I’m trying to come up with a way to set a goal of X% availability for my network/server environment, and I want to be able to run a report against my target every month or so.

Is there a good tool or piece of software out there that can measure how available a server has been over the last x days, for example, and maybe even generate a spreadsheet or something that I could use to create a nice looking report/pie chart type deal?

Munin, OpenNMS, Nagios will all do it.

Perfect! Thanks dermot!

Munin is for monitoring. Nagios is for alerting. The difference is that Munin will let you see what was happening 3 weeks ago, while Nagios will wake you up if something breaks. It sounds like you’re after the former, so Munin is my recommendation too. For your first time setting up this sort of tool it’s definitely the sweet spot between simplicity and functionality.

(At this point I’ll note that Munin has alerting functionality but it really sucks, I wouldn’t recommend using it.)

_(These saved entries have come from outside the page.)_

(* Idea: find a box B of matrices whose GOE probability is bounded below in terms
   of |sigma| and W only, and on which |<(V - sigma)^-1 phi, psi>| >= c |phi| |psi|.
   (1) Alignment: for all phi, psi there is a signed involution matrix R
       (R_{i, pi i} = eps i, pi an involution, eps = +-1 constant on orbits) with
       |<R phi, psi>| >= |phi| |psi| / (3W).  R is real symmetric and R R = 1.
       Averaging over such R controls the symmetrised entries of psi* phi^T,
       whose squares carry at least twice the mass |phi|^2 |psi|^2.
   (2) Perturbation: if V = t R + E' with |E'_jk| <= 1 and t large compared to
       |sigma| and W, then (V - sigma)^-1 = R/t + O(1/t^2), so the matrix element
       is at least half of |<R phi, psi>| / t.
   (3) Probability: the box {V. |V_jk - t R_jk| <= 1} has GOE probability at least
       a product of Gaussian interval probabilities depending only on t and W.  The
   lower bound holds for every s > 0. *)

lemma cinner_norm_le: "cmod (cinner x y) \<le> norm x * norm y"
proof -
  have "cmod (cinner x y) \<le> (\<Sum>i\<in>UNIV. cmod (x$i) * cmod (y$i))"
    unfolding cinner_def by (rule order_trans[OF norm_sum]) (simp add: norm_mult)
  also have "\<dots> \<le> L2_set (\<lambda>i. cmod (x$i)) UNIV * L2_set (\<lambda>i. cmod (y$i)) UNIV"
    using L2_set_mult_ineq[of "\<lambda>i. cmod (x$i)" "\<lambda>i. cmod (y$i)" UNIV] by simp
  finally show ?thesis by (simp add: norm_vec_def)
qed

lemma cinner_diff_left: "cinner (x - y) z = cinner x z - cinner y z"
  by (simp add: cinner_def sum_subtractf algebra_simps)

lemma cinner_scaleR_left: "cinner (t *\<^sub>R x) z = of_real t * cinner x z"
  by (simp add: cinner_def sum_distrib_left algebra_simps) (simp add: scaleR_conv_of_real)

lemma matrix_vector_mult_scaleR_right:
  fixes A :: "'a::real_algebra_1^'n^'m"
  shows "A *v (t *\<^sub>R x) = t *\<^sub>R (A *v x)"
  by (simp add: vec_eq_iff matrix_vector_mult_def scaleR_sum_right)

lemma scaleR_matrix_vector_mult:
  fixes A :: "'a::real_algebra_1^'n^'m"
  shows "(t *\<^sub>R A) *v x = t *\<^sub>R (A *v x)"
  by (simp add: vec_eq_iff matrix_vector_mult_def scaleR_sum_right)

lemma norm_matrix_vector_le_entry_bound:
  fixes A :: "complex^'n^'n"
  assumes "\<And>i j. cmod (A$i$j) \<le> 1"
  shows "norm (A *v x) \<le> real CARD('n)^2 * norm x"
proof -
  have row: "cmod ((A *v x)$i) \<le> real CARD('n) * norm x" for i
  proof -
    have "cmod ((A *v x)$i) \<le> (\<Sum>j\<in>UNIV. cmod (A$i$j * x$j))"
      unfolding matrix_vector_mult_def by (simp add: norm_sum)
    also have "\<dots> \<le> (\<Sum>j\<in>(UNIV::'n set). norm x)"
    proof (rule sum_mono)
      fix j
      show "cmod (A$i$j * x$j) \<le> norm x"
        unfolding norm_mult
        using mult_mono[OF assms Finite_Cartesian_Product.norm_nth_le[of x j]] by simp
    qed
    finally show ?thesis by simp
  qed
  have "norm (A *v x) \<le> (\<Sum>i\<in>UNIV. cmod ((A *v x)$i))"
    unfolding norm_vec_def by (rule L2_set_le_sum) auto
  also have "\<dots> \<le> (\<Sum>i\<in>(UNIV::'n set). real CARD('n) * norm x)"
    by (rule sum_mono) (rule row)
  finally show ?thesis by (simp add: power2_eq_square)
qed

lemma invertible_if_bounded_below:
  fixes M :: "'a::real_normed_field^'n^'n"
  assumes "0 < a" and below: "\<And>x. a * norm x \<le> norm (M *v x)"
  shows "invertible M"
proof -
  have "inj ((*v) M)"
  proof (rule injI)
    fix x y assume "M *v x = M *v y"
    then have "a * norm (x - y) \<le> 0"
      using below[of "x - y"] by (simp add: matrix_vector_mult_diff_distrib)
    then show "x = y" using \<open>0 < a\<close> by (simp add: mult_le_0_iff)
  qed
  then show ?thesis
    using matrix_left_invertible_injective invertible_left_inverse by blast
qed

lemma matrix_inv_right_apply:
  fixes M :: "'a::field^'n^'n"
  assumes "invertible M"
  shows "M *v (matrix_inv M *v y) = y"
proof -
  have "M ** matrix_inv M = mat 1"
    using assms unfolding invertible_def matrix_inv_def by (rule someI_ex[THEN conjunct1])
  then show ?thesis by (simp add: matrix_vector_mul_assoc)
qed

Something else: monitoring availability is good. But it’s important to realise that availability != uptime. Availability measures how much of the time the services your users use are working. If you’re running a mail server, don’t measure the system uptime, measure the % of time that there was something listening on port 25 to the outside world, and on the POP3/IMAP ports for your internal network (if applicable). Now you’re measuring the availability of Mail (incoming) and Mail (outgoing) which the company cares a lot more about than the uptime of ny-prod-mail.internal.company.net.

This all true and it’s why I didn’t go with my original suggestion which was to use SNMP or WMI or whatever to monitor uptime. I haven’t used Munin so I can’t really comment on that but we’ve use Nagios for monitoring and alerting for years and it will do exactly what you’ve identified in your third paragraph. Nagios will give you system availability for your hosts (servers) and the services that run on them. So you can, for example, see that the server has had 100% availability in the past 3 months but the IMAP daemon has just 99.75%.

Depending on your requirements, of course, you could/should run both Munin and Nagios since they both serve different needs with some small overlap (Munin is probably a bit closer in functionality to MRTG, Cricket or Cacti).

Oh, one last thing - regardless of which combination you go for, the likelihood is that you’re going to have a bit of work to do each month or each quarter when it comes to taking the data in Munin or Nagios and presenting it in a report of some sort. Again, not overly familiar with Munin but Nagios is ancient and it shows both in the presentation of its Web UI and the backend that it uses for storing data.